I leaned forward and took in a deep breath. "And using your sight on yourself, can you tell how much 'vitality' you're going to have to expend to cast that spell twelve times?"
She creased her brow and lowered her gaze, glancing at herself again and letting out a quiet whimper. "I... probably couldn't."
"You'd faint again?" Thomas asked.
She closed her eyes and groaned in barely a whisper. "I'd... die."
There was a long silence between all of us. I closed my own eyes as well. I had to make a decision here. My compass made the answer obvious, though. "Then I suppose I'll do without. You'll have more to give into the spells that actually need to be cast that way. I'll just be careful. Virtue can protect me if we get attacked. Right?"
I looked down at the little creature, and it turned to face me with its tiny smile, nodding and letting out an enthusiastic cry.
"W-Wait, hold on!" Coraline started. "You know if you even get touched by one of those things, you could be..." She swallowed, side-eyeing Thomas "You know what I said about this infection." That it was permanent. That if I was tagged by them, I could end up undergoing the same transformation and parasitic dark influence as Thomas. I understood that. But my safety was secondary here.
"And if you don't have the strength to finish that fence, you said it yourself." I put a hand down on Virtue's head to pet it, and it gave out a delighted squeal. "Game over. I trust Virtue to keep me safe. Your magic can be put to better use elsewhere."
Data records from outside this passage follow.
(* Let $z_1(t),\dots,z_4(t)$ solve the system of Theorem 5.2 and let $u(t)>0$ satisfy $\dot u=2\big(|z_1|^2+|z_2|^2+|z_3|^2+|z_4|^2\big)u$. Then each of the quantities $$|z_1|^2-|z_2|^2+|z_3|^2-|z_4|^2,\quad z_1\bar z_2+z_3\bar z_4,\quad \mathrm{Re}(z_1z_4-z_2z_3),\quad z_1\bar z_3+z_2\bar z_4$$ is a constant multiple of $u$; the quantity $Q(z_1,z_2,z_3,z_4)$ is a constant multiple of $u^2$; and $\mathrm{Im}(z_1z_4-z_2z_3)$ satisfies $\frac{d}{dt}\mathrm{Im}(z_1z_4-z_2z_3)=-2\big(\sum_j|z_j|^2\big)\mathrm{Im}(z_1z_4-z_2z_3)$, hence is a constant multiple of $u^{-1}$.
   Context: The system of Theorem 5.2 is: $\dot z_1=z_1(|z_1|^2+|z_2|^2+|z_3|^2-|z_4|^2)+2(\overline{z_1z_4-z_2z_3}+z_2z_3)\bar z_4$, $\dot z_2=z_2(|z_4|^2+|z_1|^2+|z_2|^2-|z_3|^2)-2(\overline{z_1z_4-z_2z_3}-z_1z_4)\bar z_3$, $\dot z_3=z_3(|z_3|^2+|z_4|^2+|z_1|^2-|z_2|^2)-2(\overline{z_1z_4-z_2z_3}-z_1z_4)\bar z_2$, $\dot z_4=z_4(|z_2|^2+|z_3|^2+|z_4|^2-|z_1|^2)+2(\overline{z_1z_4-z_2z_3}+z_2z_3)\bar z_1$. Define $Q(z_1,z_2,z_3,z_4)=(|z_1|^2-|z_2|^2+|z_3|^2-|z_4|^2)^2+4|z_1\bar z_2+z_3\bar z_4|^2=(|z_1|^2+|z_2|^2)^2+(|z_3|^2+|z_4|^2)^2+2|z_1\bar z_3+z_2\bar z_4|^2-2|z_1z_4-z_2z_3|^2$. *)

theory Defs
  imports "HOL-Analysis.Analysis"
begin

abbreviation sqn :: "complex \<Rightarrow> real" where "sqn z \<equiv> (cmod z)\<^sup>2"

text \<open>Right-hand sides of the system of Theorem 5.2.\<close>
definition F1 :: "complex \<Rightarrow> complex \<Rightarrow> complex \<Rightarrow> complex \<Rightarrow> complex" where
  "F1 z1 z2 z3 z4 = z1 * complex_of_real (sqn z1 + sqn z2 + sqn z3 - sqn z4)
     + 2 * (cnj (z1*z4 - z2*z3) + z2*z3) * cnj z4"

definition F2 :: "complex \<Rightarrow> complex \<Rightarrow> complex \<Rightarrow> complex \<Rightarrow> complex" where
  "F2 z1 z2 z3 z4 = z2 * complex_of_real (sqn z4 + sqn z1 + sqn z2 - sqn z3)
     - 2 * (cnj (z1*z4 - z2*z3) - z1*z4) * cnj z3"

definition F3 :: "complex \<Rightarrow> complex \<Rightarrow> complex \<Rightarrow> complex \<Rightarrow> complex" where
  "F3 z1 z2 z3 z4 = z3 * complex_of_real (sqn z3 + sqn z4 + sqn z1 - sqn z2)
     - 2 * (cnj (z1*z4 - z2*z3) - z1*z4) * cnj z2"

definition F4 :: "complex \<Rightarrow> complex \<Rightarrow> complex \<Rightarrow> complex \<Rightarrow> complex" where
  "F4 z1 z2 z3 z4 = z4 * complex_of_real (sqn z2 + sqn z3 + sqn z4 - sqn z1)
     + 2 * (cnj (z1*z4 - z2*z3) + z2*z3) * cnj z1"

text \<open>The quantity Q (first of the two given equal expressions).\<close>
definition Q :: "complex \<Rightarrow> complex \<Rightarrow> complex \<Rightarrow> complex \<Rightarrow> real" where
  "Q z1 z2 z3 z4 = (sqn z1 - sqn z2 + sqn z3 - sqn z4)\<^sup>2 + 4 * sqn (z1 * cnj z2 + z3 * cnj z4)"

end

theory Submission
  imports Defs
begin

text \<open>Read the solution as the matrix Z with rows (z1, z2) and (z3, z4) and put k = 2|Z|^2, so
  that u' = k u. The off-diagonal entries of Z*Z and Z Z* and the difference of the diagonal
  entries of Z*Z satisfy y' = k y, while (det Z)' = k conj (det Z); so Re det Z solves y' = k y
  and Im det Z solves y' = -k y, which is also solved by 1/u. A solution of a scalar linear equation
  is proportional to any nowhere-vanishing one (their quotient has derivative zero), giving the
  constant multiples of u and 1/u. Finally Q = N^2 + 4|A|^2, where N is the diagonal difference
  and A the off-diagonal entry of Z*Z, is a multiple of u^2.\<close>

lemma DERIV_inverse_linear_ode:
  assumes "(u has_real_derivative k * u t) (at t)" "u t \<noteq> 0"
  shows "((\<lambda>s. inverse (u s)) has_real_derivative - k * inverse (u t)) (at t)"
  using DERIV_inverse_fun[OF assms] \<open>u t \<noteq> 0\<close> by (simp add: power2_eq_square field_simps)

lemma linear_ode_solutions_proportional:
  fixes y :: "real \<Rightarrow> 'a::real_normed_vector" and u k :: "real \<Rightarrow> real"
  assumes "convex T"
    and dy: "\<And>t. t \<in> T \<Longrightarrow> (y has_vector_derivative k t *\<^sub>R y t) (at t)"
    and du: "\<And>t. t \<in> T \<Longrightarrow> (u has_real_derivative k t * u t) (at t)"
    and u_nz: "\<And>t. t \<in> T \<Longrightarrow> u t \<noteq> 0"
  shows "\<exists>c. \<forall>t\<in>T. y t = u t *\<^sub>R c"
proof -
  have "((\<lambda>s. inverse (u s) *\<^sub>R y s) has_vector_derivative 0) (at t within T)" if t: "t \<in> T" for t
    using has_vector_derivative_scaleR[OF DERIV_inverse_linear_ode[OF du[OF t] u_nz[OF t]] dy[OF t]]
    by (auto intro: has_vector_derivative_at_within simp: algebra_simps)
  then obtain c where "\<And>t. t \<in> T \<Longrightarrow> inverse (u t) *\<^sub>R y t = c"
    using has_vector_derivative_zero_constant[OF \<open>convex T\<close>] by blast
  then show ?thesis
    using u_nz by (metis scaleR_scaleR right_inverse scaleR_one)
qed

lemma linear_ode_solutions_proportional_real:
  fixes y u k :: "real \<Rightarrow> real"
  assumes "convex T"
    and "\<And>t. t \<in> T \<Longrightarrow> (y has_real_derivative k t * y t) (at t)"
    and "\<And>t. t \<in> T \<Longrightarrow> (u has_real_derivative k t * u t) (at t)"
    and "\<And>t. t \<in> T \<Longrightarrow> u t \<noteq> 0"
  shows "\<exists>c. \<forall>t\<in>T. y t = c * u t"
  using linear_ode_solutions_proportional[of T y k u] assms
  by (simp add: has_real_derivative_iff_has_vector_derivative mult.commute)

definition growth_rate :: "complex \<Rightarrow> complex \<Rightarrow> complex \<Rightarrow> complex \<Rightarrow> real" where
  "growth_rate z1 z2 z3 z4 = 2 * (sqn z1 + sqn z2 + sqn z3 + sqn z4)"

lemma col_gram_offdiag_along_F:
  "(z1 * cnj (F2 z1 z2 z3 z4) + F1 z1 z2 z3 z4 * cnj z2) + (z3 * cnj (F4 z1 z2 z3 z4) + F3 z1 z2 z3 z4 * cnj z4)
   = growth_rate z1 z2 z3 z4 *\<^sub>R (z1 * cnj z2 + z3 * cnj z4)"
  unfolding F1_def F2_def F3_def F4_def growth_rate_def scaleR_conv_of_real cmod_power2
  by (simp add: complex_eq_iff) algebra

lemma row_gram_offdiag_along_F:
  "(z1 * cnj (F3 z1 z2 z3 z4) + F1 z1 z2 z3 z4 * cnj z3) + (z2 * cnj (F4 z1 z2 z3 z4) + F2 z1 z2 z3 z4 * cnj z4)
   = growth_rate z1 z2 z3 z4 *\<^sub>R (z1 * cnj z3 + z2 * cnj z4)"
  unfolding F1_def F2_def F3_def F4_def growth_rate_def scaleR_conv_of_real cmod_power2
  by (simp add: complex_eq_iff) algebra

lemma col_norm_diff_along_F:
  "(z1 * cnj (F1 z1 z2 z3 z4) + F1 z1 z2 z3 z4 * cnj z1) - (z2 * cnj (F2 z1 z2 z3 z4) + F2 z1 z2 z3 z4 * cnj z2)
   + (z3 * cnj (F3 z1 z2 z3 z4) + F3 z1 z2 z3 z4 * cnj z3) - (z4 * cnj (F4 z1 z2 z3 z4) + F4 z1 z2 z3 z4 * cnj z4)
   = growth_rate z1 z2 z3 z4 *\<^sub>R (z1 * cnj z1 - z2 * cnj z2 + z3 * cnj z3 - z4 * cnj z4)"
  unfolding F1_def F2_def F3_def F4_def growth_rate_def scaleR_conv_of_real cmod_power2
  by (simp add: complex_eq_iff) algebra

lemma det_along_F:
  "(z1 * F4 z1 z2 z3 z4 + F1 z1 z2 z3 z4 * z4) - (z2 * F3 z1 z2 z3 z4 + F2 z1 z2 z3 z4 * z3)
   = growth_rate z1 z2 z3 z4 *\<^sub>R cnj (z1 * z4 - z2 * z3)"
  unfolding F1_def F2_def F3_def F4_def growth_rate_def scaleR_conv_of_real cmod_power2
  by (simp add: complex_eq_iff) algebra

context
  fixes z1 z2 z3 z4 :: "real \<Rightarrow> complex" and t :: real
  assumes d1: "(z1 has_vector_derivative F1 (z1 t) (z2 t) (z3 t) (z4 t)) (at t)"
    and d2: "(z2 has_vector_derivative F2 (z1 t) (z2 t) (z3 t) (z4 t)) (at t)"
    and d3: "(z3 has_vector_derivative F3 (z1 t) (z2 t) (z3 t) (z4 t)) (at t)"
    and d4: "(z4 has_vector_derivative F4 (z1 t) (z2 t) (z3 t) (z4 t)) (at t)"
begin

lemma col_gram_offdiag_has_derivative:
  "((\<lambda>s. z1 s * cnj (z2 s) + z3 s * cnj (z4 s)) has_vector_derivative
     growth_rate (z1 t) (z2 t) (z3 t) (z4 t) *\<^sub>R (z1 t * cnj (z2 t) + z3 t * cnj (z4 t))) (at t)"
  using has_vector_derivative_add[OF
      has_vector_derivative_mult[OF d1 has_vector_derivative_cnj[OF d2]]
      has_vector_derivative_mult[OF d3 has_vector_derivative_cnj[OF d4]]]
  by (simp only: col_gram_offdiag_along_F)

lemma row_gram_offdiag_has_derivative:
  "((\<lambda>s. z1 s * cnj (z3 s) + z2 s * cnj (z4 s)) has_vector_derivative
     growth_rate (z1 t) (z2 t) (z3 t) (z4 t) *\<^sub>R (z1 t * cnj (z3 t) + z2 t * cnj (z4 t))) (at t)"
  using has_vector_derivative_add[OF
      has_vector_derivative_mult[OF d1 has_vector_derivative_cnj[OF d3]]
      has_vector_derivative_mult[OF d2 has_vector_derivative_cnj[OF d4]]]
  by (simp only: row_gram_offdiag_along_F)

lemma col_norm_diff_has_derivative:
  "((\<lambda>s. sqn (z1 s) - sqn (z2 s) + sqn (z3 s) - sqn (z4 s)) has_real_derivative
     growth_rate (z1 t) (z2 t) (z3 t) (z4 t) * (sqn (z1 t) - sqn (z2 t) + sqn (z3 t) - sqn (z4 t))) (at t)"
proof -
  have "((\<lambda>s. z1 s * cnj (z1 s) - z2 s * cnj (z2 s) + z3 s * cnj (z3 s) - z4 s * cnj (z4 s))
      has_vector_derivative growth_rate (z1 t) (z2 t) (z3 t) (z4 t) *\<^sub>R
        (z1 t * cnj (z1 t) - z2 t * cnj (z2 t) + z3 t * cnj (z3 t) - z4 t * cnj (z4 t))) (at t)"
    using has_vector_derivative_diff[OF has_vector_derivative_add[OF has_vector_derivative_diff[OF
        has_vector_derivative_mult[OF d1 has_vector_derivative_cnj[OF d1]]
        has_vector_derivative_mult[OF d2 has_vector_derivative_cnj[OF d2]]]
        has_vector_derivative_mult[OF d3 has_vector_derivative_cnj[OF d3]]]
        has_vector_derivative_mult[OF d4 has_vector_derivative_cnj[OF d4]]]
    by (simp only: col_norm_diff_along_F)
  then show ?thesis
    unfolding has_vector_derivative_complex_iff
    by (simp add: complex_mult_cnj cmod_power2 del: complex_In_mult_cnj_zero)
qed

lemma det_has_derivative:
  "((\<lambda>s. z1 s * z4 s - z2 s * z3 s) has_vector_derivative
     growth_rate (z1 t) (z2 t) (z3 t) (z4 t) *\<^sub>R cnj (z1 t * z4 t - z2 t * z3 t)) (at t)"
  using has_vector_derivative_diff[OF has_vector_derivative_mult[OF d1 d4] has_vector_derivative_mult[OF d2 d3]]
  by (simp only: det_along_F)

lemma Re_det_has_derivative:
  "((\<lambda>s. Re (z1 s * z4 s - z2 s * z3 s)) has_real_derivative
     growth_rate (z1 t) (z2 t) (z3 t) (z4 t) * Re (z1 t * z4 t - z2 t * z3 t)) (at t)"
  using det_has_derivative unfolding has_vector_derivative_complex_iff by simp

lemma Im_det_has_derivative:
  "((\<lambda>s. Im (z1 s * z4 s - z2 s * z3 s)) has_real_derivative
     - growth_rate (z1 t) (z2 t) (z3 t) (z4 t) * Im (z1 t * z4 t - z2 t * z3 t)) (at t)"
  using det_has_derivative unfolding has_vector_derivative_complex_iff by (simp add: algebra_simps)

end

theorem mainTheorem9:
  fixes T :: "real set" and z1 z2 z3 z4 :: "real \<Rightarrow> complex" and u :: "real \<Rightarrow> real"
  assumes T: "open T" "is_interval T"
    and d1: "\<And>t. t \<in> T \<Longrightarrow> (z1 has_vector_derivative F1 (z1 t) (z2 t) (z3 t) (z4 t)) (at t)"
    and d2: "\<And>t. t \<in> T \<Longrightarrow> (z2 has_vector_derivative F2 (z1 t) (z2 t) (z3 t) (z4 t)) (at t)"
    and d3: "\<And>t. t \<in> T \<Longrightarrow> (z3 has_vector_derivative F3 (z1 t) (z2 t) (z3 t) (z4 t)) (at t)"
    and d4: "\<And>t. t \<in> T \<Longrightarrow> (z4 has_vector_derivative F4 (z1 t) (z2 t) (z3 t) (z4 t)) (at t)"
    and upos: "\<And>t. t \<in> T \<Longrightarrow> u t > 0"
    and du: "\<And>t. t \<in> T \<Longrightarrow>
       (u has_real_derivative 2 * (sqn (z1 t) + sqn (z2 t) + sqn (z3 t) + sqn (z4 t)) * u t) (at t)"
  shows "(\<exists>c::real. \<forall>t\<in>T. sqn (z1 t) - sqn (z2 t) + sqn (z3 t) - sqn (z4 t) = c * u t)
       \<and> (\<exists>c::complex. \<forall>t\<in>T. z1 t * cnj (z2 t) + z3 t * cnj (z4 t) = c * complex_of_real (u t))
       \<and> (\<exists>c::real. \<forall>t\<in>T. Re (z1 t * z4 t - z2 t * z3 t) = c * u t)
       \<and> (\<exists>c::complex. \<forall>t\<in>T. z1 t * cnj (z3 t) + z2 t * cnj (z4 t) = c * complex_of_real (u t))
       \<and> (\<exists>c::real. \<forall>t\<in>T. Q (z1 t) (z2 t) (z3 t) (z4 t) = c * (u t)\<^sup>2)
       \<and> (\<forall>t\<in>T. ((\<lambda>s. Im (z1 s * z4 s - z2 s * z3 s)) has_real_derivative
              - 2 * (sqn (z1 t) + sqn (z2 t) + sqn (z3 t) + sqn (z4 t)) * Im (z1 t * z4 t - z2 t * z3 t)) (at t))
       \<and> (\<exists>c::real. \<forall>t\<in>T. Im (z1 t * z4 t - z2 t * z3 t) = c / u t)"
proof -
  have "convex T" using T(2) is_interval_convex_1 by blast
  have u_nz: "\<And>t. t \<in> T \<Longrightarrow> u t \<noteq> 0" using upos by force
  have du: "\<And>t. t \<in> T \<Longrightarrow> (u has_real_derivative growth_rate (z1 t) (z2 t) (z3 t) (z4 t) * u t) (at t)"
    using du by (simp add: growth_rate_def)
  note proportional = linear_ode_solutions_proportional[OF \<open>convex T\<close> _ du u_nz]
  note proportional_real = linear_ode_solutions_proportional_real[OF \<open>convex T\<close> _ du u_nz]
  obtain cN where cN: "\<forall>t\<in>T. sqn (z1 t) - sqn (z2 t) + sqn (z3 t) - sqn (z4 t) = cN * u t"
    using proportional_real[OF col_norm_diff_has_derivative[OF d1 d2 d3 d4]] by blast
  obtain cA where cA: "\<forall>t\<in>T. z1 t * cnj (z2 t) + z3 t * cnj (z4 t) = u t *\<^sub>R cA"
    using proportional[OF col_gram_offdiag_has_derivative[OF d1 d2 d3 d4]] by blast
  obtain cB where cB: "\<forall>t\<in>T. z1 t * cnj (z3 t) + z2 t * cnj (z4 t) = u t *\<^sub>R cB"
    using proportional[OF row_gram_offdiag_has_derivative[OF d1 d2 d3 d4]] by blast
  obtain cR where cR: "\<forall>t\<in>T. Re (z1 t * z4 t - z2 t * z3 t) = cR * u t"
    using proportional_real[OF Re_det_has_derivative[OF d1 d2 d3 d4]] by blast
  obtain cI where cI: "\<forall>t\<in>T. Im (z1 t * z4 t - z2 t * z3 t) = cI * inverse (u t)"
    using linear_ode_solutions_proportional_real[OF \<open>convex T\<close> Im_det_has_derivative[OF d1 d2 d3 d4]
        DERIV_inverse_linear_ode[OF du u_nz]]
    by (meson inverse_nonzero_iff_nonzero u_nz)
  have "\<forall>t\<in>T. Q (z1 t) (z2 t) (z3 t) (z4 t) = (cN\<^sup>2 + 4 * (cmod cA)\<^sup>2) * (u t)\<^sup>2"
    using cN cA by (simp add: Q_def algebra_simps power_mult_distrib)
  then show ?thesis
    using cN cA cB cR cI Im_det_has_derivative[OF d1 d2 d3 d4]
    by (intro conjI; (intro exI)?) (auto simp: growth_rate_def scaleR_conv_of_real mult.commute divide_inverse)
qed

end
Coraline looked uncertain, but she glanced down and lowered the paper, giving a solemn nod. "Alright. I guess that's how it has to be, then."
"You said you could already... die just doing this..." Thomas mumbled. "You say that like you already accepted it."
"It won't have spread that far yet." She mumbled. "I'm guessing five. Maybe six. I can handle that. I might need some help getting home, but I can handle it."
"I'm packing first aid," Thomas mumbled, taking a bite into his burrito and standing up again.
Coraline watched him leave and turned back to me again "You're sure about this?" She asked again.
I shrugged, standing up and stretching out my arms, Virtue following my motions. "Do we have a choice?"